Leaving me with $$\frac{2k \alpha}{(k^2-\alpha^2)^2}$$

And thus the same answer as before. The 2 belongs and the k cancels, its just the alpha that shouldn't be there that I can see. I can't see my error (I'm terrible at finding mistakes) can any of you guys (Assuming what I've written makes sense).

Thanks

 

[Beer-monster]

Anyone see my error, this needs to be in tommorrow

Thanks

 

[NEWO]

hey who started this thread coz i have a piece of work exactly the same question that i am stuck on. Im studying at loughborough uni my name is owen!!!

 

[Physics Monkey]

Beer-monster, you've got the wrong value for the integral, it should be $$k^2 + \alpha^2$$ in the denominator, how did you get $$-\alpha^2$$?

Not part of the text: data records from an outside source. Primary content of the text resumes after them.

lemma is_move_unit: "x \<in> ppos (tri s c) \<Longrightarrow> is_move s x (fst x) (unit_move x)"
  by (auto simp: is_move_def unit_move_def ppos_tri_iff pdir_tri_iff intro!: ident_mem)

lemma advance_unit:
  assumes x: "x \<in> ppos (tri s c)"
  shows "advance s x (fst x) (unit_move x) = x"
proof -
  obtain I f where x_eq: "x = (I, f)" by fastforce
  have f: "f \<in> PiE (pdir s I) (\<lambda>_. ppos c)" using x by (simp add: x_eq)
  then have "restrict (\<lambda>a. cod (f a) (ident (f a))) (pdir s I) = restrict f (pdir s I)"
    by (intro restrict_ext) (auto intro!: cod_ident)
  then show ?thesis using f by (simp add: x_eq advance_def unit_move_def)
qed

lemma pullback_unit_left:
  assumes x: "x \<in> ppos (tri s c)" and b: "b \<in> pdir (tri s c) x"
  shows "pullback x (unit_move x) b = b"
  using b decoration_mem[OF x b] by (simp add: pullback_def unit_move_def pdir_tri_iff seq_ident_left)

lemma pullback_unit_right:
  assumes x: "x \<in> ppos (tri s c)" and mv: "is_move s x J \<beta>" and a: "a \<in> pdir s J"
  shows "pullback x \<beta> (unit_move (advance s x J \<beta>) a) = \<beta> a"
proof -
  have "\<beta> a \<in> pdir (tri s c) x" using mv a by (simp add: is_move_def)
  then show ?thesis
    using a decoration_mem[OF x] by (simp add: pullback_def unit_move_def advance_def pdir_tri_iff seq_ident_right)
qed

lemma advance_advance:
  assumes x: "x \<in> ppos (tri s c)" and mv: "is_move s x J \<beta>"
    and mv': "is_move s (advance s x J \<beta>) J' \<beta>'"
  shows "advance s (advance s x J \<beta>) J' \<beta>' = advance s x J' (pullback x \<beta> \<circ> \<beta>')"
proof -
  have "cod (snd (advance s x J \<beta>) (fst (\<beta>' a))) (snd (\<beta>' a))
      = cod (snd x (fst (pullback x \<beta> (\<beta>' a)))) (snd (pullback x \<beta> (\<beta>' a)))"
    if a: "a \<in> pdir s J'" for a
  proof -
    have b': "\<beta>' a \<in> pdir (tri s c) (advance s x J \<beta>)" using mv' a by (simp add: is_move_def)
    then have "fst (\<beta>' a) \<in> pdir s J" by (simp add: advance_def pdir_tri_iff)
    then have b: "\<beta> (fst (\<beta>' a)) \<in> pdir (tri s c) x"
      using mv by (simp add: is_move_def)
    show ?thesis
      using b b' decoration_mem[OF x b] by (auto simp: advance_def pullback_def pdir_tri_iff cod_seq)
  qed
  then show ?thesis by (simp add: advance_def cong: restrict_cong)
qed

lemma pullback_pullback:
  assumes x: "x \<in> ppos (tri s c)" and mv: "is_move s x J \<beta>"
    and mv': "is_move s (advance s x J \<beta>) J' \<beta>'"
    and b: "b \<in> pdir (tri s c) (advance s (advance s x J \<beta>) J' \<beta>')"
  shows "pullback x \<beta> (pullback (advance s x J \<beta>) \<beta>' b) = pullback x (pullback x \<beta> \<circ> \<beta>') b"
proof -
  have "fst b \<in> pdir s J'" using b by (simp add: advance_def pdir_tri_iff)
  then have b': "\<beta>' (fst b) \<in> pdir (tri s c) (advance s x J \<beta>)"
    using mv' by (simp add: is_move_def)
  then have "fst (\<beta>' (fst b)) \<in> pdir s J" by (simp add: advance_def pdir_tri_iff)
  then have b'': "\<beta> (fst (\<beta>' (fst b))) \<in> pdir (tri s c) x"
    using mv by (simp add: is_move_def)
  show ?thesis
    using b b' b'' decoration_mem[OF x b'']
    by (auto simp: advance_def pullback_def pdir_tri_iff seq_assoc)
qed

lemma advance_cong: "(\<And>a. a \<in> pdir s J \<Longrightarrow> \<beta> a = \<beta>' a) \<Longrightarrow> advance s x J \<beta> = advance s x J \<beta>'"
  by (simp add: advance_def cong: restrict_cong)

lemma pullback_cong: "\<beta> (fst b) = \<beta>' (fst b) \<Longrightarrow> pullback x \<beta> b = pullback x \<beta>' b"
  by (simp add: pullback_def)

end

section \<open>Morphisms into the cofree comonoid\<close>

locale cofree_hom = poly_comonoid c eps delta
  for c :: "('j,'e) poly" and eps :: "('j \<Rightarrow> unit) \<times> ('j \<Rightarrow> unit \<Rightarrow> 'e)"
    and delta :: "('j \<Rightarrow> 'j \<times> ('e \<Rightarrow> 'j)) \<times> ('j \<Rightarrow> 'e \<times> 'e \<Rightarrow> 'e)" +
  fixes p :: "('i,'d) poly" and s :: "('k,'f) poly"
    and Psi :: "('k \<times> ('f \<Rightarrow> 'j) \<Rightarrow> ('d list \<Rightarrow> 'i) \<times> ('d list \<Rightarrow> 'k))
      \<times> ('k \<times> ('f \<Rightarrow> 'j) \<Rightarrow> 'd list \<times> 'f \<Rightarrow> 'f \<times> 'e)"
  assumes is_hom_Psi: "is_hom (tri s c) (tri (cofree p) s) Psi"
begin

definition tree :: "'k \<times> ('f \<Rightarrow> 'j) \<Rightarrow> 'd list \<Rightarrow> 'i" where "tree x = fst (fst Psi x)"
definition label :: "'k \<times> ('f \<Rightarrow> 'j) \<Rightarrow> 'd list \<Rightarrow> 'k" where "label x = snd (fst Psi x)"
definition backward :: "'k \<times> ('f \<Rightarrow> 'j) \<Rightarrow> 'd list \<Rightarrow> 'f \<Rightarrow> 'f \<times> 'e" where
  "backward x ds a = snd Psi x (ds, a)"
definition shift :: "'k \<times> ('f \<Rightarrow> 'j) \<Rightarrow> 'd list \<Rightarrow> 'k \<times> ('f \<Rightarrow> 'j)" where
  "shift x ds = advance s x (label x ds) (backward x ds)"

definition counit_law :: bool where
  "counit_law \<longleftrightarrow> (\<forall>x\<in>ppos (tri s c).
     label x [] = fst x \<and> (\<forall>a\<in>pdir s (fst x). backward x [] a = unit_move x a))"

definition comult_law :: bool where
  "comult_law \<longleftrightarrow> (\<forall>x\<in>ppos (tri s c). \<forall>ds\<in>tpaths p (tree x).
     tree (shift x ds) = subtree (tree x) ds \<and>
     (\<forall>es\<in>tpaths p (subtree (tree x) ds). label (shift x ds) es = label x (ds @ es) \<and>
        (\<forall>a\<in>pdir s (label x (ds @ es)).
           backward x (ds @ es) a = pullback x (backward x ds) (backward (shift x ds) es a))))"

lemma Psi_fst: "fst Psi x = (tree x, label x)"
  by (simp add: tree_def label_def)

lemma Psi_snd: "snd Psi x (ds, a) = backward x ds a"
  by (simp add: backward_def)

context
  fixes x assumes x: "x \<in> ppos (tri s c)"
begin

lemma tree_mem: "tree x \<in> ppos (cofree p)"
  and label_PiE: "label x \<in> PiE (tpaths p (tree x)) (\<lambda>_. ppos s)"
  using is_hom_pos[OF is_hom_Psi x] by (simp_all add: Psi_fst)

lemma Psi_fst_mem: "(tree x, label x) \<in> ppos (tri (cofree p) s)"
  using tree_mem label_PiE by simp

lemma label_mem: "ds \<in> tpaths p (tree x) \<Longrightarrow> label x ds \<in> ppos s"
  using label_PiE by auto

lemma tree_undefined: "ds \<notin> tpaths p (tree x) \<Longrightarrow> tree x ds = undefined"
  using tree_mem by (simp add: mem_ppos_cofree)

lemma backward_mem:
  "ds \<in> tpaths p (tree x) \<Longrightarrow> a \<in> pdir s (label x ds) \<Longrightarrow> backward x ds a \<in> pdir (tri s c) x"
  using is_hom_dir[OF is_hom_Psi x, of "(ds, a)"] by (simp add: Psi_fst backward_def)

lemma is_move_backward: "ds \<in> tpaths p (tree x) \<Longrightarrow> is_move s x (label x ds) (backward x ds)"
  by (simp add: is_move_def label_mem backward_mem)

lemma shift_mem: "ds \<in> tpaths p (tree x) \<Longrightarrow> shift x ds \<in> ppos (tri s c)"
  unfolding shift_def using x by (rule advance_mem) (rule is_move_backward)

end

abbreviation "cp \<equiv> cofree p"

abbreviation "counit_lhs \<equiv> comp_hom (tri s c) s (lunit_inv s)
  (comp_hom (tri s c) (tri ypoly s) (tri_hom cp s ypoly s (cofree_eps p) (id_hom s)) Psi)"
abbreviation "counit_rhs \<equiv> comp_hom (tri s c) s (runit_inv s) (tri_hom s c s ypoly (id_hom s) eps)"

text \<open>The right-hand side of the comultiplication law, built up factor by factor; each
abbreviation is named after its codomain.\<close>

abbreviation "to_s_cc \<equiv> tri_hom s c s (tri c c) (id_hom s) delta"
abbreviation "to_sc_c \<equiv> comp_hom (tri s c) (tri (tri s c) c) (assoc s c c) to_s_cc"
abbreviation "to_cps_c \<equiv>
  comp_hom (tri s c) (tri (tri cp s) c) (tri_hom (tri s c) c (tri cp s) c Psi (id_hom c)) to_sc_c"
abbreviation "to_cp_sc \<equiv> comp_hom (tri s c) (tri cp (tri s c)) (assoc_inv cp s c) to_cps_c"
abbreviation "to_cp_cps \<equiv>
  comp_hom (tri s c) (tri cp (tri cp s)) (tri_hom cp (tri s c) cp (tri cp s) (id_hom cp) Psi) to_cp_sc"
abbreviation "comult_rhs \<equiv> comp_hom (tri s c) (tri (tri cp cp) s) (assoc cp cp s) to_cp_cps"
abbreviation "comult_lhs \<equiv>
  comp_hom (tri s c) (tri (tri cp cp) s) (tri_hom cp s (tri cp cp) s (cofree_delta p) (id_hom s)) Psi"

lemma is_hom_counit_lhs: "is_hom (tri s c) s counit_lhs"
  by (rule is_hom_comp_hom[OF is_hom_comp_hom[OF is_hom_Psi is_hom_tri_hom[OF is_hom_cofree_eps is_hom_id_hom]]
        is_hom_lunit_inv])

lemma is_hom_counit_rhs: "is_hom (tri s c) s counit_rhs"
  by (rule is_hom_comp_hom[OF is_hom_tri_hom[OF is_hom_id_hom is_hom_eps] is_hom_runit_inv])

lemma is_hom_to_s_cc: "is_hom (tri s c) (tri s (tri c c)) to_s_cc"
  by (rule is_hom_tri_hom[OF is_hom_id_hom is_hom_delta])

lemma is_hom_to_sc_c: "is_hom (tri s c) (tri (tri s c) c) to_sc_c"
  by (rule is_hom_comp_hom[OF is_hom_to_s_cc is_hom_assoc])

lemma is_hom_to_cps_c: "is_hom (tri s c) (tri (tri cp s) c) to_cps_c"
  by (rule is_hom_comp_hom[OF is_hom_to_sc_c is_hom_tri_hom[OF is_hom_Psi is_hom_id_hom]])

lemma is_hom_to_cp_sc: "is_hom (tri s c) (tri cp (tri s c)) to_cp_sc"
  by (rule is_hom_comp_hom[OF is_hom_to_cps_c is_hom_assoc_inv])

lemma is_hom_to_cp_cps: "is_hom (tri s c) (tri cp (tri cp s)) to_cp_cps"
  by (rule is_hom_comp_hom[OF is_hom_to_cp_sc is_hom_tri_hom[OF is_hom_id_hom is_hom_Psi]])

lemma is_hom_comult_rhs: "is_hom (tri s c) (tri (tri cp cp) s) comult_rhs"
  by (rule is_hom_comp_hom[OF is_hom_to_cp_cps is_hom_assoc])

lemma is_hom_comult_lhs: "is_hom (tri s c) (tri (tri cp cp) s) comult_lhs"
  by (rule is_hom_comp_hom[OF is_hom_Psi is_hom_tri_hom[OF is_hom_cofree_delta is_hom_id_hom]])

context
  fixes x I f
  assumes x_eq: "x = (I, f)" and x: "x \<in> ppos (tri s c)"
begin

lemma I_mem: "I \<in> ppos s" and f_PiE: "f \<in> PiE (pdir s I) (\<lambda>_. ppos c)"
  using x by (auto simp: x_eq)

lemma fst_x: "fst x = I" and snd_x: "snd x = f"
  by (simp_all add: x_eq)

lemma f_mem: "a \<in> pdir s I \<Longrightarrow> f a \<in> ppos c"
  using f_PiE by auto

lemma counit_lhs:
  shows counit_lhs_fst: "fst counit_lhs x = label x []"
    and counit_lhs_snd: "\<And>a. a \<in> pdir s (label x []) \<Longrightarrow> snd counit_lhs x a = backward x [] a"
proof -
  let ?U = "tri_hom cp s ypoly s (cofree_eps p) (id_hom s)"
  have label0: "label x [] \<in> ppos s" using label_mem[OF x] by simp
  have U_fst: "fst ?U (tree x, label x) = ((), restrict (\<lambda>_. label x []) {()})"
    using Psi_fst_mem[OF x] tree_mem[OF x] label0
    by (simp add: tri_hom_fst cofree_eps_fst cofree_eps_snd id_hom_fst del: mem_ppos_tri)
  have U_mem: "fst ?U (tree x, label x) \<in> ppos (tri ypoly s)"
    using is_hom_pos[OF is_hom_tri_hom[OF is_hom_cofree_eps is_hom_id_hom] Psi_fst_mem[OF x]] .
  show fst_eq: "fst counit_lhs x = label x []"
    using x U_mem U_fst by (simp add: comp_hom_fst Psi_fst lunit_inv_fst del: mem_ppos_tri)
  fix a assume a: "a \<in> pdir s (label x [])"
  have "snd counit_lhs x a = snd Psi x (snd ?U (tree x, label x) ((), a))"
    using x a fst_eq U_mem U_fst
    by (simp add: comp_hom_fst comp_hom_snd Psi_fst lunit_inv_snd del: mem_ppos_tri)
  also have "snd ?U (tree x, label x) ((), a) = ([], a)"
    using Psi_fst_mem[OF x] tree_mem[OF x] a label0
    by (subst tri_hom_snd) (simp_all add: cofree_eps_fst cofree_eps_snd id_hom_fst id_hom_snd del: mem_ppos_tri)
  finally show "snd counit_lhs x a = backward x [] a" by (simp add: backward_def)
qed

lemma counit_rhs:
  shows counit_rhs_fst: "fst counit_rhs x = I"
    and counit_rhs_snd: "\<And>a. a \<in> pdir s I \<Longrightarrow> snd counit_rhs x a = unit_move x a"
proof -
  let ?V = "tri_hom s c s ypoly (id_hom s) eps"
  have V_fst: "fst ?V x = (I, restrict (\<lambda>_. ()) (pdir s I))"
    using x I_mem by (simp add: x_eq tri_hom_fst id_hom_fst id_hom_snd del: mem_ppos_tri cong: restrict_cong)
  have V_mem: "fst ?V x \<in> ppos (tri s ypoly)"
    using is_hom_pos[OF is_hom_tri_hom[OF is_hom_id_hom is_hom_eps] x] .
  show fst_eq: "fst counit_rhs x = I"
    using x V_mem V_fst by (simp add: comp_hom_fst runit_inv_fst del: mem_ppos_tri)
  fix a assume a: "a \<in> pdir s I"
  have "snd counit_rhs x a = snd ?V x (a, ())"
    using x a fst_eq V_mem V_fst by (simp add: comp_hom_fst comp_hom_snd runit_inv_snd del: mem_ppos_tri)
  also have "\<dots> = unit_move x a"
    using x a I_mem f_PiE unfolding x_eq
    by (subst tri_hom_snd) (auto simp: id_hom_fst id_hom_snd ident_def unit_move_def simp del: mem_ppos_tri)
  finally show "snd counit_rhs x a = unit_move x a" .
qed

lemma counit_eq_at_iff:
  "(fst counit_lhs x = fst counit_rhs x \<and> (\<forall>a\<in>pdir s (fst counit_lhs x). snd counit_lhs x a = snd counit_rhs x a))
   \<longleftrightarrow> (label x [] = fst x \<and> (\<forall>a\<in>pdir s (fst x). backward x [] a = unit_move x a))"
  by (auto simp: counit_lhs_fst counit_lhs_snd counit_rhs_fst counit_rhs_snd fst_x)

lemma to_s_cc_fst: "fst to_s_cc x = (I, restrict (\<lambda>a. (f a, cod (f a))) (pdir s I))"
  using x I_mem f_mem
  by (simp add: x_eq tri_hom_fst id_hom_fst id_hom_snd delta_fst del: mem_ppos_tri cong: restrict_cong)

lemma to_sc_c_fst: "fst to_sc_c x = (x, restrict (\<lambda>b. cod (f (fst b)) (snd b)) (pdir (tri s c) x))"
proof -
  have m: "fst to_s_cc x \<in> ppos (tri s (tri c c))" by (rule is_hom_pos[OF is_hom_to_s_cc x])
  have rf: "restrict (\<lambda>d. fst (restrict (\<lambda>a. (f a, cod (f a))) (pdir s I) d)) (pdir s I) = f"
    using f_PiE by (simp add: PiE_restrict cong: restrict_cong)
  have "fst to_sc_c x = fst (assoc s c c) (fst to_s_cc x)" using x by (simp add: comp_hom_fst)
  also have "\<dots> = ((I, f), restrict (\<lambda>b. snd (restrict (\<lambda>a. (f a, cod (f a))) (pdir s I) (fst b)) (snd b))
      (pdir (tri s c) (I, f)))"
    unfolding to_s_cc_fst by (subst assoc_fst[OF m[unfolded to_s_cc_fst]]) (simp only: rf)
  also have "\<dots> = (x, restrict (\<lambda>b. cod (f (fst b)) (snd b)) (pdir (tri s c) x))"
    by (auto simp: x_eq pdir_tri intro!: restrict_ext)
  finally show ?thesis .
qed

You might try to evaluate the integral by breaking the $$\sin{kr}$$ up into its exponential parts. You should have two integrals to do, one involves $$e^{ikr-r/a_0}$$ and the other involves $$e^{-ik-r/a_0}$$ with an important relative minus sign. Each of these integrals is easy to do as it is a standard exponential integration. Once you've done each integral (be very careful with your minus signs), find a common denominator. The form I gave should pop right out.

 

[NEWO]

beer monkey

if you are doing prof alexanderovs questions for question 1b i get 0.65 (2dp)but im unsure if that is correct everything seemed to fold out nicely but not sure

 

[Beer-monster]

I've solved the integrals but I get an addition of two $$(ik- \alpha)^2$$. I'm nnot how I can combine these into the form you described monkey? It's late and my brain has fallen asleep

 

[Beer-monster]

Got there in the end. I'd like to thank everyone on the forum who tried to help me with this problem. You've been a huge help in this and hopefully QM more generally.

 

[Gatts]

you made a error integrating, i do it by my self and the result is:

$$\phi(p) = \frac{4\pi}{(2\pi\hbar)^{3/2}}\frac{1}{\pi a^3}\frac{2a^3 \hbar ^4}{\left(\hbar ^2 + a^2 p^2 \right)^2}$$
$$\phi(k) = \frac{4\pi}{(2\pi\hbar)^{3/2}}\frac{1}{\pi a^3}\frac{2a^3 \hbar ^4}{\left(\hbar ^2 +\hbar ^2 a^2 k^2 \right)^2}$$